- [WORK REQUEST] Each line from the one containing "unfolding card_F assms(2)" through the end of the data is to be written out exactly, and nothing more.

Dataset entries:
theorem theorem3p4:
  fixes V :: "'v set" and E :: "('v \<times> 'v) set" and k n :: nat
  assumes "oriented_tree V E"
    and "card V = k" and "k \<ge> 2" and "n \<ge> 1"
  shows "(tree_has_perfect_matching V E \<longrightarrow>
            real (card {M. schreier_perfect_matching V E n M}) =
              2 powr (real k / (2 * (real k - 1)) *
                      (real k ^ n - 2 * real k ^ (n - 1) + 1)))
       \<and> (\<not> tree_has_perfect_matching V E \<longrightarrow>
            {M. schreier_perfect_matching V E n M} = {})"
proof -
  obtain m where n: "n = Suc m"
    using assms(4) by (cases n) auto
  have "real (card {M. schreier_perfect_matching V E n M}) =
          2 powr (real k / (2 * (real k - 1)) * (real k ^ n - 2 * real k ^ (n - 1) + 1))"
    if F: "perfect_matching V E F" for F
  proof -
    have card_F: "real (card F) = real k / 2"
      using perfect_matching_card[OF assms(1) F] assms(2) by linarith
    have exponent: "real k / 2 * (x / (real k - 1)) = real k / (2 * (real k - 1)) * x" for x
      by simp
    show ?thesis
      using card_schreier_perfect_matchings[OF assms(1) F, of m]
      unfolding card_F assms(2) exponent n by simp
  qed
  moreover have "{M. schreier_perfect_matching V E n M} = {}" if "\<not> tree_has_perfect_matching V E"
    using that schreier_perfect_matching_labels[OF assms(1)] tree_has_perfect_matching_iff n by blast
  ultimately show ?thesis
    using tree_has_perfect_matching_iff by blast
qed

end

- [YOUR RESPONSE]
      unfolding card_F assms(2) exponent n by simp
  qed
  moreover have "{M. schreier_perfect_matching V E n M} = {}" if "\<not> tree_has_perfect_matching V E"
    using that schreier_perfect_matching_labels[OF assms(1)] tree_has_perfect_matching_iff n by blast
  ultimately show ?thesis
    using tree_has_perfect_matching_iff by blast
qed

end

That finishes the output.